Isabel miró a Diego con tristeza. Su hijo no era muy popular y no tenía amigos. Tal vez solo tenía conocidos. Por mucho tiempo su única compañía había sido el abuelo Alberto, sus remedios, su balón de oxígeno y las largas esperas cuando tenía que estabilizarse en el hospital. Realmente su niño hombre había tenido que vivir momentos muy difíciles. El abuelo tenía razón en lo que le pidió en su carta de despedida:

“Diego necesita saber la verdad para reconciliarse con su pasado. Él cree que es el culpable de que José Luis los abandonara. Eso no es justo y tú lo sabes. Y deja de tratarlo como un adulto. Es verdad que es un niño especial, pero debes permitirle vivir su adolescencia, ya que la infancia la pasó solo y encargado de cosas de grande. Hazte cargo hija, devuélvele la alegría que nunca debió perder.”

Isabel tomó su cartera y sus papeles y salió rápido para que Diego no la viera llorar. Cuánta falta les haría el abuelo Alberto…

Después de la salida de su madre, Diego intentó dormirse otra vez. No quería dejar al conde herido en el barco, a expensas de los piratas franceses, pero no pudo.

A decir verdad, estaba muy extrañado con estas últimas noches. El chico nunca soñaba, y si tenía sueños, no podía recordarlos. Pero estos dos sueños, el descubrimiento de la caja de Alberto y la travesía del dueño del anillo español, habían sido tan reales que quería seguir soñando porque mientras dormía no pensaba en la pena de haberse quedado solo.

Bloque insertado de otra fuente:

lemma l2dist_le_of_score_bound:
  fixes \<beta> \<gamma> :: "nat \<Rightarrow> real" and t :: real
  assumes n: "3 \<le> n" and b: "0 < b_n n \<beta>"
    and d: "\<And>i. i < n \<Longrightarrow> \<bar>\<gamma> i - \<beta> i\<bar> \<le> 1"
    and ge: "loglik n E \<beta> \<le> loglik n E \<gamma>"
    and score: "\<And>i. i < n \<Longrightarrow> \<bar>score n E \<beta> i\<bar> \<le> t" and t: "0 \<le> t"
  shows "l2dist n \<gamma> \<beta> \<le> 18 * b_n n \<beta> * sqrt (real n) * t / (real n - 2)"
proof -
  let ?b = "b_n n \<beta>"
  define Q where "Q = (\<Sum>i<n. (\<gamma> i - \<beta> i)^2)"
  define A where "A = (real n - 2) / (18 * ?b)"
  have A: "0 < A" unfolding A_def using n b by simp
  have "A * Q \<le> (\<Sum>(k, l)\<in>pairs n. bregman (\<beta> k + \<beta> l) ((\<gamma> k - \<beta> k) + (\<gamma> l - \<beta> l)))"
    unfolding A_def Q_def using b d by (rule sum_pairs_bregman_ge_square)
  also have "\<dots> \<le> (\<Sum>i<n. (\<gamma> i - \<beta> i) * score n E \<beta> i)"
    using loglik_diff_eq[of n E \<gamma> \<beta>] ge by simp
  also have "\<dots> \<le> A / 2 * Q + real n * t^2 / (2 * A)"
    unfolding Q_def using A score by (rule sum_mult_le_young)
  finally have "Q \<le> real n * t^2 / A^2" using A by (simp add: field_simps power2_eq_square)
  then have "sqrt Q \<le> sqrt (real n) * t / A"
    using real_sqrt_le_mono t A by (fastforce simp: real_sqrt_mult real_sqrt_divide)
  also have "\<dots> = 18 * ?b * sqrt (real n) * t / (real n - 2)"
    unfolding A_def using n b by (simp add: field_simps)
  finally show ?thesis unfolding l2dist_def Q_def .
qed

lemma ex_MLE_of_small_score:
  fixes \<beta> :: "nat \<Rightarrow> real" and t :: real
  assumes n: "109 \<le> n" and t: "0 \<le> t" "4 * t \<le> (real n / 27 - 4) / (12 * b_n n \<beta>)"
    and score: "\<And>i. i < n \<Longrightarrow> \<bar>score n E \<beta> i\<bar> \<le> t"
  shows "\<exists>\<gamma>. is_MLE n E \<gamma>"
proof (rule ex_MLE_of_bounded_superlevel[where R = "real n" and \<beta> = \<beta>])
  fix \<delta> i assume ge: "loglik n E \<beta> \<le> loglik n E \<delta>" and i: "i < n"
  have b: "4 \<le> b_n n \<beta>" using b_n_ge_c_n_ge_four[of n \<beta>] n by simp
  then have K: "0 < (real n / 27 - 4) / (12 * b_n n \<beta>)" using n by (intro divide_pos_pos) auto
  have "\<bar>\<delta> i - \<beta> i\<bar> < real n"
  proof (rule abs_coord_less_of_huber_ineq[OF K t])
    show "\<And>i. i < n \<Longrightarrow> \<bar>score n E \<beta> i\<bar> \<le> t" by (rule score)
  qed (use huber_ineq_of_loglik_ge[OF _ ge] b i in auto)
  then show "\<bar>\<delta> i - \<beta> i\<bar> \<le> real n" by simp
qed simp

lemma l2dist_MLE_le_of_small_score:
  fixes \<beta> \<gamma> :: "nat \<Rightarrow> real" and t :: real
  assumes n: "109 \<le> n" and t: "0 \<le> t" "4 * t \<le> (real n / 27 - 4) / (12 * b_n n \<beta>)"
    and score: "\<And>i. i < n \<Longrightarrow> \<bar>score n E \<beta> i\<bar> \<le> t" and mle: "is_MLE n E \<gamma>"
  shows "l2dist n \<gamma> \<beta> \<le> 18 * b_n n \<beta> * sqrt (real n) * t / (real n - 2)"
proof -
  let ?b = "b_n n \<beta>"
  have b: "4 \<le> ?b" using b_n_ge_c_n_ge_four[of n \<beta>] n by simp
  then have K: "0 < (real n / 27 - 4) / (12 * ?b)" using n by (intro divide_pos_pos) auto
  have ge: "loglik n E \<beta> \<le> loglik n E \<gamma>" using mle unfolding is_MLE_def by simp
  have few: "9 * card {i. i < n \<and> 1/2 \<le> \<bar>\<gamma> i - \<beta> i\<bar>} \<le> n"
  proof (rule card_large_coords_le_of_huber_ineq[OF K t])
    show "\<And>i. i < n \<Longrightarrow> \<bar>score n E \<beta> i\<bar> \<le> t" by (rule score)
  qed (use huber_ineq_of_loglik_ge[OF _ ge] b in auto)
  have "(real n / 27 - 4) / 48 / ?b < real n / 9 / ?b"
    using b n by (intro divide_strict_right_mono) auto
  then have "t < real n / (9 * ?b)" using t(2) by (simp add: field_simps)
  then have "\<bar>\<gamma> i - \<beta> i\<bar> \<le> 1" if "i < n" for i
    using MLE_coord_error_lt_one[OF _ b mle score few _ that] n by simp
  then show ?thesis using n b ge score t by (intro l2dist_le_of_score_bound) auto
qed

section \<open>Concentration of the score\<close>

abbreviation pair_prob :: "(nat \<Rightarrow> real) \<Rightarrow> nat \<times> nat \<Rightarrow> real" where
  "pair_prob \<beta> x \<equiv> logistic (\<beta> (fst x) + \<beta> (snd x))"

lemma graph_prob_eq_prod:
  "graph_prob n \<beta> E = (\<Prod>x\<in>pairs n. if x \<in> E then pair_prob \<beta> x else 1 - pair_prob \<beta> x)"
  unfolding graph_prob_def edge_prob_def logistic_def case_prod_unfold by simp

lemma graph_prob_nonneg: "0 \<le> graph_prob n \<beta> E"
  unfolding graph_prob_eq_prod using logistic_less_one logistic_pos
  by (intro prod_nonneg) (auto intro: less_imp_le)

lemma sum_graph_prob_mult_prod:
  fixes F1 F0 :: "nat \<times> nat \<Rightarrow> real"
  shows "(\<Sum>E\<in>Pow (pairs n). graph_prob n \<beta> E * (\<Prod>x\<in>pairs n. if x \<in> E then F1 x else F0 x))
    = (\<Prod>x\<in>pairs n. pair_prob \<beta> x * F1 x + (1 - pair_prob \<beta> x) * F0 x)"
proof -
  let ?P = "pairs n" and ?p = "pair_prob \<beta>"
  have "(\<Prod>x\<in>?P. ?p x * F1 x + (1 - ?p x) * F0 x)
      = (\<Sum>X\<in>Pow ?P. (\<Prod>x\<in>X. ?p x * F1 x) * (\<Prod>x\<in>?P - X. (1 - ?p x) * F0 x))"
    by (rule prod_add[OF finite_pairs])
  also have "\<dots> = (\<Sum>E\<in>Pow ?P. graph_prob n \<beta> E * (\<Prod>x\<in>?P. if x \<in> E then F1 x else F0 x))"
  proof (rule sum.cong[OF refl])
    fix X assume X: "X \<in> Pow ?P"
    have "graph_prob n \<beta> X * (\<Prod>x\<in>?P. if x \<in> X then F1 x else F0 x)
        = (\<Prod>x\<in>?P. if x \<in> X then ?p x * F1 x else (1 - ?p x) * F0 x)"
      unfolding graph_prob_eq_prod prod.distrib[symmetric] by (rule prod.cong) auto
    also have "\<dots> = (\<Prod>x\<in>X. ?p x * F1 x) * (\<Prod>x\<in>?P - X. (1 - ?p x) * F0 x)"
      using X finite_pairs[of n] by (simp add: prod.If_cases Int_absorb1 Diff_eq)
    finally show "(\<Prod>x\<in>X. ?p x * F1 x) * (\<Prod>x\<in>?P - X. (1 - ?p x) * F0 x)
        = graph_prob n \<beta> X * (\<Prod>x\<in>?P. if x \<in> X then F1 x else F0 x)" by simp
  qed
  finally show ?thesis by simp
qed

lemma sum_graph_prob: "(\<Sum>E\<in>Pow (pairs n). graph_prob n \<beta> E) = 1"
  using sum_graph_prob_mult_prod[of n \<beta> "\<lambda>_. 1" "\<lambda>_. 1"] by simp

lemma beta_prob_eq_sum:
  "beta_prob n \<beta> Q = (\<Sum>E\<in>Pow (pairs n). if Q E then graph_prob n \<beta> E else 0)"
proof -
  have "{E. E \<subseteq> pairs n \<and> Q E} = Pow (pairs n) \<inter> {E. Q E}" by auto
  then show ?thesis unfolding beta_prob_def using finite_pairs[of n]
    by (simp add: sum.inter_restrict)
qed

lemma beta_prob_compl: "beta_prob n \<beta> (\<lambda>E. \<not> Q E) = 1 - beta_prob n \<beta> Q"
proof -
  have "(\<Sum>E\<in>Pow (pairs n). if \<not> Q E then graph_prob n \<beta> E else 0)
      + (\<Sum>E\<in>Pow (pairs n). if Q E then graph_prob n \<beta> E else 0) = 1"
  proof -
    have "(\<Sum>E\<in>Pow (pairs n). (if \<not> Q E then graph_prob n \<beta> E else 0) + (if Q E then graph_prob n \<beta> E else 0))
        = (\<Sum>E\<in>Pow (pairs n). graph_prob n \<beta> E)"
      by (rule sum.cong) auto
    then show ?thesis unfolding sum.distrib[symmetric] sum_graph_prob .
  qed
  then show ?thesis unfolding beta_prob_eq_sum by simp
qed
(* For every integer $n$ with $1\le n\le N$ and every $\delta\in(0,1]$, with probability at least $1-\delta$, \[ \frac{\sum_{t=1}^n (X_t-\mu)}{n}\le (b-a)\sqrt{\frac{\rho_n\log(1/\delta)}{2n}}. \]
   Context: Let $N\ge 2$ and let $\mathcal X=(x_1,\dots,x_N)$ be a finite population of real numbers (repetitions allowed). Let $(X_1,\dots,X_N)=(x_{\pi(1)},\dots,x_{\pi(N)})$, where $\pi$ is a uniformly random permutation of $\{1,\dots,N\}$. For $n\le N$, $(X_1,\dots,X_n)$ is therefore a sample of size $n$ drawn uniformly without replacement from $\mathcal X$. Let $\mu=\frac1N\sum_{i=1}^N x_i$, $a=\min_i x_i$ and $b=\max_i x_i$. Define \[ \rho_n=\begin{cases}1-\frac{n-1}{N} & \text{if } n\le N/2,\\[2pt] \big(1-\frac nN\big)(1+1/n) & \text{if } n>N/2.\end{cases} \] *)

theory Defs
  imports "HOL-Probability.Probability"
begin

definition rho :: "nat \<Rightarrow> nat \<Rightarrow> real" where
  "rho N n = (if real n \<le> real N / 2 then 1 - (real n - 1) / real N
              else (1 - real n / real N) * (1 + 1 / real n))"

definition unif_perm :: "nat \<Rightarrow> (nat \<Rightarrow> nat) pmf" where
  "unif_perm N = pmf_of_set {\<pi>. \<pi> permutes {1..N}}"

end

theory Submission
  imports Defs "HOL-Combinatorics.Multiset_Permutations"
begin

(* A uniform permutation pi of {1..N} is identified with the uniformly random list
   [pi 1, ..., pi N] enumerating {1..N}; the event of the theorem only concerns the centred
   prefix sum Y_k = x(s_1) + ... + x(s_k) - k mu of such an enumeration s (prefix_dev).
   1. Reverse-martingale step (prefix_dev_Cons): splitting off the first element y,
        Y_(k+1) / (M-k-1) = (x y - mu) / (M-1) + Y'_k / (M-1-k),
      where Y' refers to the population without y.  Hoeffding's lemma for the uniform
      choice of y and induction on k bound the exponential moment of Y_k / (M-k), summed
      over all enumerations (prefix_dev_mgf_bound).
   2. A Chernoff counting argument with the optimal exponent and the estimate
      sum_(j=M-k)^(M-1) 1/j^2 <= k (M-k+1) / (M (M-k)^2) gives Serfling's bound
      exp (-2 s^2 M / ((b-a)^2 k (M-k+1))) for the fraction of enumerations with Y_k > s.
   3. Y_n for x equals Y_(N-n) for -x on the reversed enumeration; applying step 2 to the
      shorter of the two prefixes yields the exponent -2 s^2 / (n (b-a)^2 rho_n).
   4. With s = n eps this exponent is -ln (1/delta); after the degenerate cases
      (delta = 1, n = N, constant population) the counting bound is transported to
      unif_perm. *)

definition pop_mean :: "('a \<Rightarrow> real) \<Rightarrow> 'a set \<Rightarrow> real" where
  "pop_mean x A = (\<Sum>i\<in>A. x i) / real (card A)"

definition prefix_dev :: "('a \<Rightarrow> real) \<Rightarrow> 'a set \<Rightarrow> nat \<Rightarrow> 'a list \<Rightarrow> real" where
  "prefix_dev x A k s = sum_list (map x (take k s)) - real k * pop_mean x A"

lemma hoeffding_lemma_population:
  fixes x :: "'a \<Rightarrow> real"
  assumes fin: "finite A" and ne: "A \<noteq> {}" and bnd: "\<forall>i\<in>A. a \<le> x i \<and> x i \<le> b"
    and l: "l > 0"
  shows "(\<Sum>i\<in>A. exp (l * (x i - pop_mean x A))) \<le> real (card A) * exp (l\<^sup>2 * (b - a)\<^sup>2 / 8)"
proof -
  let ?M = "measure_pmf (pmf_of_set A)"
  let ?S = "\<Sum>i\<in>A. exp (l * (x i - pop_mean x A))"
  interpret interval_bounded_random_variable ?M x a b
    by unfold_locales (use fin ne bnd in \<open>auto simp: AE_measure_pmf_iff\<close>)
  have card: "real (card A) > 0" using fin ne by (simp add: card_gt_0_iff)
  have mean: "integral\<^sup>L ?M x = pop_mean x A"
    unfolding pop_mean_def by (rule integral_pmf_of_set[OF ne fin])
  have "ennreal (?S / card A) = nn_integral ?M (\<lambda>i. exp (l * (x i - integral\<^sup>L ?M x)))"
    using card by (simp add: nn_integral_pmf_of_set[OF ne fin] mean divide_ennreal
        ennreal_of_nat_eq_real_of_nat sum_nonneg sum_ennreal)
  also have "\<dots> \<le> ennreal (exp (l\<^sup>2 * (b - a)\<^sup>2 / 8))"
    by (rule Hoeffdings_lemma_nn_integral[OF l])
  finally have "?S / card A \<le> exp (l\<^sup>2 * (b - a)\<^sup>2 / 8)"
    by (subst (asm) ennreal_le_iff) auto
  then show ?thesis using card by (simp add: divide_le_eq mult.commute)
qed

lemma sum_permutations_of_set_Cons:
  assumes "finite A" "A \<noteq> {}"
  shows "(\<Sum>s\<in>permutations_of_set A. f s) = (\<Sum>y\<in>A. \<Sum>s\<in>permutations_of_set (A - {y}). f (y # s))"
proof -
  have "(\<Sum>s\<in>permutations_of_set A. f s) = (\<Sum>y\<in>A. \<Sum>s\<in>(#) y ` permutations_of_set (A - {y}). f s)"
    using assms by (subst permutations_of_set_nonempty) (auto intro: sum.UNION_disjoint)
  also have "\<dots> = (\<Sum>y\<in>A. \<Sum>s\<in>permutations_of_set (A - {y}). f (y # s))"
    by (rule sum.cong[OF refl]) (simp add: sum.reindex inj_on_def)
  finally show ?thesis .
qed

lemma prefix_dev_Cons:
  assumes fin: "finite A" and y: "y \<in> A" and k: "Suc k < card A"
  shows "prefix_dev x A (Suc k) (y # s) / (real (card A) - real (Suc k))
       = (x y - pop_mean x A) / (real (card A) - 1)
         + prefix_dev x (A - {y}) k s / (real (card (A - {y})) - real k)"
proof -
  define M where "M = real (card A)"
  define \<mu> where "\<mu> = pop_mean x A"
  define D E where "D = M - 1 - real k" and "E = M - 1"
  have pos: "D > 0" "E > 0" and ME: "M = E + 1" "real k = E - D"
    using k by (simp_all add: M_def D_def E_def)
  have card: "real (card (A - {y})) = E"
    using fin y k by (simp add: M_def E_def of_nat_diff)
  have total: "(\<Sum>i\<in>A. x i) = M * \<mu>"
    using pos by (simp add: \<mu>_def M_def E_def pop_mean_def)
  have mean: "pop_mean x (A - {y}) = (M * \<mu> - x y) / E"
    unfolding pop_mean_def card using fin y by (simp add: sum_diff1 total)
  show ?thesis
    unfolding prefix_dev_def card mean \<mu>_def[symmetric] M_def[symmetric]
    using pos by (simp add: ME field_simps)
qed

lemma sum_inverse_squares_le:
  assumes "1 \<le> m" "m \<le> M"
  shows "(\<Sum>j\<in>{m..<M}. 1 / (real j)\<^sup>2) \<le> real (M - m) * (real m + 1) / (real M * (real m)\<^sup>2)"
  using assms(2)
proof (induction M rule: dec_induct)
  case base
  then show ?case by simp
next
  case (step M)
  define p q r where "p = real m" and "q = real M" and "r = real (Suc M)"
  have pq: "p \<ge> 1" "q \<ge> p" using assms step.hyps by (auto simp: p_def q_def)
  have r: "r = q + 1" by (simp add: q_def r_def)
  have gap_nonneg: "(q - p) / (q\<^sup>2 * r * p) \<ge> 0" using pq r by simp
  have gap: "(q - p) * (p + 1) / (q * p\<^sup>2) + 1 / q\<^sup>2 + (q - p) / (q\<^sup>2 * r * p)
      = (r - p) * (p + 1) / (r * p\<^sup>2)"
  proof -
    have "p > 0" "q > 0" "r > 0" using pq r by simp_all
    then show ?thesis by (simp add: field_simps power2_eq_square) (simp add: r algebra_simps)
  qed
  have "(\<Sum>j\<in>{m..<Suc M}. 1 / (real j)\<^sup>2) = (\<Sum>j\<in>{m..<M}. 1 / (real j)\<^sup>2) + 1 / q\<^sup>2"
    using step.hyps by (simp add: q_def)
  also have "\<dots> \<le> (q - p) * (p + 1) / (q * p\<^sup>2) + 1 / q\<^sup>2"
    using step.IH step.hyps by (simp add: p_def q_def of_nat_diff)
  also have "\<dots> \<le> (r - p) * (p + 1) / (r * p\<^sup>2)"
    using gap gap_nonneg by linarith
  finally show ?case using step.hyps by (simp add: p_def r_def of_nat_diff)
qed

Diego había pasado un día bastante trabajado, haciendo aseo, ordenando como siempre lo hacía, y a las 6 de la tarde sonó el timbre.

¡Hola! ¿Puedo pasar? Tu mamá me dijo que podía venir –dijo Gabriela, desde la puerta.

Bueno, sí, entra –indicó Diego un poco tímido.

Gabriela entró y miró la casa con detención. Para todos en el grupo de amigos del barrio su casa era un misterio porque Diego nunca había invitado a nadie a su departamento.

Es lindo tu departamento –dijo Gabriela para romper el hielo.

Es como cualquiera, supongo.

¿Te molesta que haya venido?

Diego miró por primera vez a su amiga. En realidad no le molestaba que viniera, al contrario. De todo el grupo de la calle, ella siempre le había parecido diferente, de hecho ahora lo estaba demostrando con su visita.

No me molesta, aunque me llama la atención que vengas, porque no sabía que te interesaba lo que me podía pasar.

¿Y por qué no me iba a interesar? –respondió ella un tanto ofendida–. Soy tu amiga.

Gracias.

Diego tenía serias dificultades para hacer amigos, debido a su timidez. En el colegio era un niño solo, y con los amigos del barrio había jugado a la pelota y se habían juntado en la plaza varias veces, pero desde que el abuelo se enfermó no había vuelto a salir.

¿De qué se murió tu abuelo?

Cáncer a los pulmones.

Pobrecito. Mi abuela también se murió de cáncer hace unos años, pero no pudimos acompañarla hasta su último día porque vivía en el sur. Tú tuviste mucha suerte de estar con él.

Sí, era una suerte haber acompañado a Alberto hasta el final. Era una suerte haber tenido un abuelo tan especial y habérselo hecho sentir hasta el último momento.

Me dejó una carta y una caja llena de cosas increíbles, ¿quieres verla?